GOAL OF THE EXERCISE: Go through the material below, noting each line where the string "refl" appears, and give only the total.

EXERCISE MATERIAL:
(* Let $a>0$ and let $\mu_p$ be the Poisson measure on $\mathbb{R}$ with parameter $a$. Let $\lambda_n=a^nn!$ and let $\mathcal{H}_\lambda$ be the Hilbert space of entire functions $F(z)=\sum_{n\ge0}a_nz^n$ with $\sum_{n\ge0}\lambda_n|a_n|^2<\infty$, normed by $\|F\|_{\mathcal{H}_\lambda}^2=\sum_{n\ge0}\lambda_n|a_n|^2$. Then there exists a unique measure $\widetilde\mu$ on $\mathbb{C}$ such that $\mathcal{H}_\lambda=\mathcal{H}L^2(\mathbb{C},\widetilde\mu)$, i.e. an entire function $F$ belongs to $\mathcal{H}_\lambda$ if and only if $F\in L^2(\mathbb{C},\widetilde\mu)$, and in that case $\|F\|_{\mathcal{H}_\lambda}^2=\int_{\mathbb{C}}|F(z)|^2\,d\widetilde\mu(z)$.
   Context: The Poisson measure with parameter $a$ is $\mu_p=\sum_{k\ge0}e^{-a}\frac{a^k}{k!}\delta_k$. $\mathcal{H}L^2(\mathbb{C},\widetilde\mu)$ denotes the space of entire functions on $\mathbb{C}$ that are square integrable with respect to $\widetilde\mu$, with the $L^2(\widetilde\mu)$-norm. The sequence $\lambda_n=a^nn!$ is the sequence of squared norms $\int P_n^2\,d\mu_p$ of the monic orthogonal (Charlier) polynomials $P_n$ of $\mu_p$. *)

theory Defs
  imports "HOL-Complex_Analysis.Complex_Analysis"
begin

text \<open>The weight sequence lambda_n = a^n n! (squared norms of the monic Charlier polynomials).\<close>
definition lambda_seq :: "real \<Rightarrow> nat \<Rightarrow> real" where
  "lambda_seq a n = a ^ n * fact n"

definition taylor_coeff :: "(complex \<Rightarrow> complex) \<Rightarrow> nat \<Rightarrow> complex" where
  "taylor_coeff F n = (deriv ^^ n) F 0 / fact n"

definition in_H_lambda :: "(nat \<Rightarrow> real) \<Rightarrow> (complex \<Rightarrow> complex) \<Rightarrow> bool" where
  "in_H_lambda lam F \<longleftrightarrow> F holomorphic_on UNIV \<and>
     summable (\<lambda>n. lam n * (cmod (taylor_coeff F n))\<^sup>2)"

definition H_lambda_norm_sq :: "(nat \<Rightarrow> real) \<Rightarrow> (complex \<Rightarrow> complex) \<Rightarrow> real" where
  "H_lambda_norm_sq lam F = (\<Sum>n. lam n * (cmod (taylor_coeff F n))\<^sup>2)"

end

theory Submission
  imports Defs "HOL-Probability.Probability"
begin

text \<open>
  The measure is the Gaussian measure \<open>exp (-\<bar>z\<bar>^2 / a) dA(z) / (\<pi> a)\<close>. In the
  coordinates \<open>z = sqrt (a s) e^(i t)\<close> it becomes \<open>e^(-s) ds dt / (2 \<pi>)\<close> on
  \<open>[0, \<infinity>) \<times> [-\<pi>, \<pi>]\<close>, so Parseval's identity on the circle of radius \<open>sqrt (a s)\<close>
  together with \<open>\<integral> s^n e^(-s) ds = n!\<close> gives \<open>\<integral> \<bar>F\<bar>^2 = \<Sum> a^n n! \<bar>a\<^sub>n\<bar>^2\<close>.

  Uniqueness: a representing measure is finite (take \<open>F = 1\<close>), and its Fourier transform
  is determined by norms in \<open>H\<^sub>\<lambda>\<close>: for \<open>u = i cnj w / 2\<close> we have
  \<open>e^(i \<langle>w, z\<rangle>) = e^(u z) cnj (e^(-u z))\<close>, which by polarization is a combination of the
  functions \<open>\<bar>e^(u z) + c e^(-u z)\<bar>^2\<close>, \<open>c \<in> {1, -1, i, -i}\<close>. Finite Borel measures on
  \<open>\<complex>\<close> with the same Fourier transform are equal; this is reduced to Levy's one-dimensional
  uniqueness theorem, applied first to the images under \<open>Im\<close> of the measures weighted by
  functions of \<open>Re\<close>, and then to the images under \<open>Re\<close> of their restrictions to the
  strips \<open>Im z \<in> B\<close>.
\<close>

section \<open>Parseval's identity on circles\<close>

lemma entire_taylor_series_sums:
  assumes "F holomorphic_on UNIV"
  shows "(\<lambda>n. taylor_coeff F n * z^n) sums F z"
proof -
  have "F holomorphic_on ball 0 (norm z + 1)" using assms by (rule holomorphic_on_subset) auto
  from holomorphic_power_series[OF this, of z] show ?thesis
    by (simp add: taylor_coeff_def)
qed

lemma entire_taylor_series_abs_summable:
  assumes "F holomorphic_on UNIV"
  shows "summable (\<lambda>n. norm (taylor_coeff F n * z^n))"
proof -
  have "summable (\<lambda>n. taylor_coeff F n * (of_real (norm z + 1))^n)"
    using entire_taylor_series_sums[OF assms] by (rule sums_summable)
  then show ?thesis by (rule powser_insidea) simp
qed

lemma cmod_sum_cis_squared:
  fixes b :: "nat \<Rightarrow> complex"
  shows "(cmod (\<Sum>n<N. b n * cis (real n * t)))\<^sup>2 =
    (\<Sum>m<N. \<Sum>n<N. Re (b m * cnj (b n)) * cos (real_of_int (int m - int n) * t)
       - Im (b m * cnj (b n)) * sin (real_of_int (int m - int n) * t))"
proof -
  let ?S = "\<Sum>n<N. b n * cis (real n * t)"
  have "cnj ?S = (\<Sum>n<N. cnj (b n) * cis (- (real n * t)))" by (simp add: cnj_sum cis_cnj)
  then have "?S * cnj ?S = (\<Sum>m<N. \<Sum>n<N. (b m * cis (real m * t)) * (cnj (b n) * cis (- (real n * t))))"
    by (simp add: sum_product)
  also have "\<dots> = (\<Sum>m<N. \<Sum>n<N. (b m * cnj (b n)) * cis (real_of_int (int m - int n) * t))"
    by (intro sum.cong refl) (simp add: cis_mult algebra_simps)
  finally have "?S * cnj ?S = \<dots>" .
  moreover have "(cmod ?S)\<^sup>2 = Re (?S * cnj ?S)"
    by (metis Re_complex_of_real complex_norm_square)
  ultimately show ?thesis
    by (simp add: Re_sum cis.sel)
qed

lemma trig_poly_parseval:
  fixes b :: "nat \<Rightarrow> complex"
  shows "((\<lambda>t. (cmod (\<Sum>n<N. b n * cis (real n * t)))\<^sup>2) has_integral (2 * pi * (\<Sum>n<N. (cmod (b n))\<^sup>2))) {-pi..pi}"
proof -
  have "((\<lambda>t. \<Sum>m<N. \<Sum>n<N. Re (b m * cnj (b n)) * cos (real_of_int (int m - int n) * t)
       - Im (b m * cnj (b n)) * sin (real_of_int (int m - int n) * t)) has_integral
     (\<Sum>m<N. \<Sum>n<N. Re (b m * cnj (b n)) * (if int m - int n = 0 then 2 * pi else 0) - Im (b m * cnj (b n)) * 0)) {-pi..pi}"
    by (intro has_integral_sum has_integral_diff has_integral_mult_right has_integral_cos_nx has_integral_sin_nx) auto
  also have "(\<Sum>m<N. \<Sum>n<N. Re (b m * cnj (b n)) * (if int m - int n = 0 then 2 * pi else 0) - Im (b m * cnj (b n)) * 0)
      = (\<Sum>m<N. \<Sum>n<N. if m = n then Re (b m * cnj (b n)) * (2 * pi) else 0)"
    by (intro sum.cong) auto
  also have "\<dots> = 2 * pi * (\<Sum>n<N. (cmod (b n))\<^sup>2)"
    by (simp add: sum_distrib_left complex_mult_cnj cmod_power2 mult.commute)
  finally show ?thesis by (simp add: cmod_sum_cis_squared)
qed

lemma entire_circle_parseval:
  assumes F: "F holomorphic_on UNIV" and r: "r \<ge> 0"
  shows "(\<lambda>n. (cmod (taylor_coeff F n))\<^sup>2 * r^(2*n)) sums (integral {-pi..pi} (\<lambda>t. (cmod (F (r * cis t)))\<^sup>2) / (2 * pi))"
    and "(\<lambda>t. (cmod (F (r * cis t)))\<^sup>2) integrable_on {-pi..pi}"
proof -
  define b where "b n = taylor_coeff F n * of_real r ^ n" for n
  define g where "g N t = (cmod (\<Sum>n<N. b n * cis (real n * t)))\<^sup>2" for N t
  define B where "B = (\<Sum>n. norm (taylor_coeff F n * (of_real r :: complex)^n))"
  have partial_sum: "(\<Sum>n<N. b n * cis (real n * t)) = (\<Sum>n<N. taylor_coeff F n * (r * cis t)^n)" for N t
    by (simp add: b_def power_mult_distrib Complex.DeMoivre mult.assoc)
  have g_integrable: "g N integrable_on {-pi..pi}" for N
    using trig_poly_parseval[of b N] unfolding g_def by blast
  have g_lim: "(\<lambda>N. g N t) \<longlonglongrightarrow> (cmod (F (r * cis t)))\<^sup>2" for t
    using entire_taylor_series_sums[OF F, of "r * cis t"]
    unfolding g_def partial_sum sums_def by (intro tendsto_intros)
  have g_bound: "norm (g N t) \<le> B\<^sup>2" for N t
  proof -
    have "cmod (\<Sum>n<N. b n * cis (real n * t)) \<le> (\<Sum>n<N. norm (taylor_coeff F n * (of_real r :: complex)^n))"
      using norm_sum[of "\<lambda>n. b n * cis (real n * t)"] by (simp add: b_def norm_mult)
    also have "\<dots> \<le> B"
      unfolding B_def by (intro sum_le_suminf entire_taylor_series_abs_summable[OF F]) auto
    finally show ?thesis unfolding g_def by (simp add: power_mono)
  qed
  note limit = dominated_convergence[OF g_integrable integrable_const_ivl g_bound g_lim]
  then show "(\<lambda>t. (cmod (F (r * cis t)))\<^sup>2) integrable_on {-pi..pi}" by blast
  have "integral {-pi..pi} (g N) / (2 * pi) = (\<Sum>n<N. (cmod (taylor_coeff F n))\<^sup>2 * r^(2*n))" for N
    using trig_poly_parseval[of b N] r unfolding g_def
    by (simp add: integral_unique b_def norm_mult norm_power power_mult_distrib power_mult mult.commute)
  moreover have "(\<lambda>N. integral {-pi..pi} (g N) / (2 * pi)) \<longlonglongrightarrow> integral {-pi..pi} (\<lambda>t. (cmod (F (r * cis t)))\<^sup>2) / (2 * pi)"
    using limit by (intro tendsto_divide tendsto_const) auto
  ultimately show "(\<lambda>n. (cmod (taylor_coeff F n))\<^sup>2 * r^(2*n)) sums (integral {-pi..pi} (\<lambda>t. (cmod (F (r * cis t)))\<^sup>2) / (2 * pi))"
    unfolding sums_def by simp
qed

section \<open>Uniqueness of finite Borel measures on the complex plane\<close>

lemma char_density_const:
  fixes M :: "real measure"
  assumes "sets M = sets borel" "c \<ge> 0"
  shows "char (density M (\<lambda>_. ennreal c)) t = c *\<^sub>R char M t"
  unfolding char_def using assms
  by (subst integral_density) (auto simp: measurable_cong_sets[OF assms(1) refl])

lemma finite_measure_eq_if_char_eq:
  fixes M1 M2 :: "real measure"
  assumes fin: "finite_measure M1" "finite_measure M2"
    and sets: "sets M1 = sets borel" "sets M2 = sets borel"
    and char_eq: "char M1 = char M2"
  shows "M1 = M2"
proof -
  have space: "space M1 = UNIV" "space M2 = UNIV"
    using sets_eq_imp_space_eq[OF sets(1)] sets_eq_imp_space_eq[OF sets(2)] by auto
  define m where "m = measure M1 UNIV"
  have "char M1 0 = m" "char M2 0 = measure M2 UNIV"
    by (simp_all add: char_def space m_def scaleR_conv_of_real)
  then have m2: "measure M2 UNIV = m" using char_eq by simp
  have emeasure_UNIV: "emeasure M1 UNIV = m" "emeasure M2 UNIV = m"
    using finite_measure.emeasure_eq_measure[OF fin(1)] finite_measure.emeasure_eq_measure[OF fin(2)]
    by (simp_all add: m_def m2)
  show ?thesis
  proof (cases "m = 0")
    case True
    show ?thesis
    proof (rule measure_eqI)
      fix A assume "A \<in> sets M1"
      have "emeasure M1 A = 0" "emeasure M2 A = 0"
        using emeasure_space[of M1 A] emeasure_space[of M2 A] emeasure_UNIV True space by auto
      then show "emeasure M1 A = emeasure M2 A" by simp
    qed (use sets in simp)
  next
    case False
    then have "m > 0" using measure_nonneg[of M1 UNIV] unfolding m_def by linarith
    define N1 where "N1 = density M1 (\<lambda>_. ennreal (1 / m))"
    define N2 where "N2 = density M2 (\<lambda>_. ennreal (1 / m))"
    have "real_distribution N" if "N = density M (\<lambda>_. ennreal (1 / m))" "sets M = sets borel"
      "space M = UNIV" "emeasure M UNIV = m" for M N
    proof -
      have "prob_space N"
        using \<open>m > 0\<close> that by (intro prob_spaceI) (simp add: emeasure_density_const flip: ennreal_mult)
      then show ?thesis using that unfolding real_distribution_def real_distribution_axioms_def by simp
    qed
    then have "real_distribution N1" "real_distribution N2"
      using sets space emeasure_UNIV by (simp_all add: N1_def N2_def)
    moreover have "char N1 = char N2"
      using \<open>m > 0\<close> char_eq by (simp add: N1_def N2_def sets char_density_const fun_eq_iff)
    ultimately have "N1 = N2" by (rule Levy_uniqueness)
    have "M = density (density M (\<lambda>_. ennreal (1 / m))) (\<lambda>_. ennreal m)" for M :: "real measure"
      using \<open>m > 0\<close> by (simp add: density_density_eq flip: ennreal_mult density_1)
    then show ?thesis using \<open>N1 = N2\<close> unfolding N1_def N2_def by metis
  qed
qed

ANSWER FOR THE TASK: 2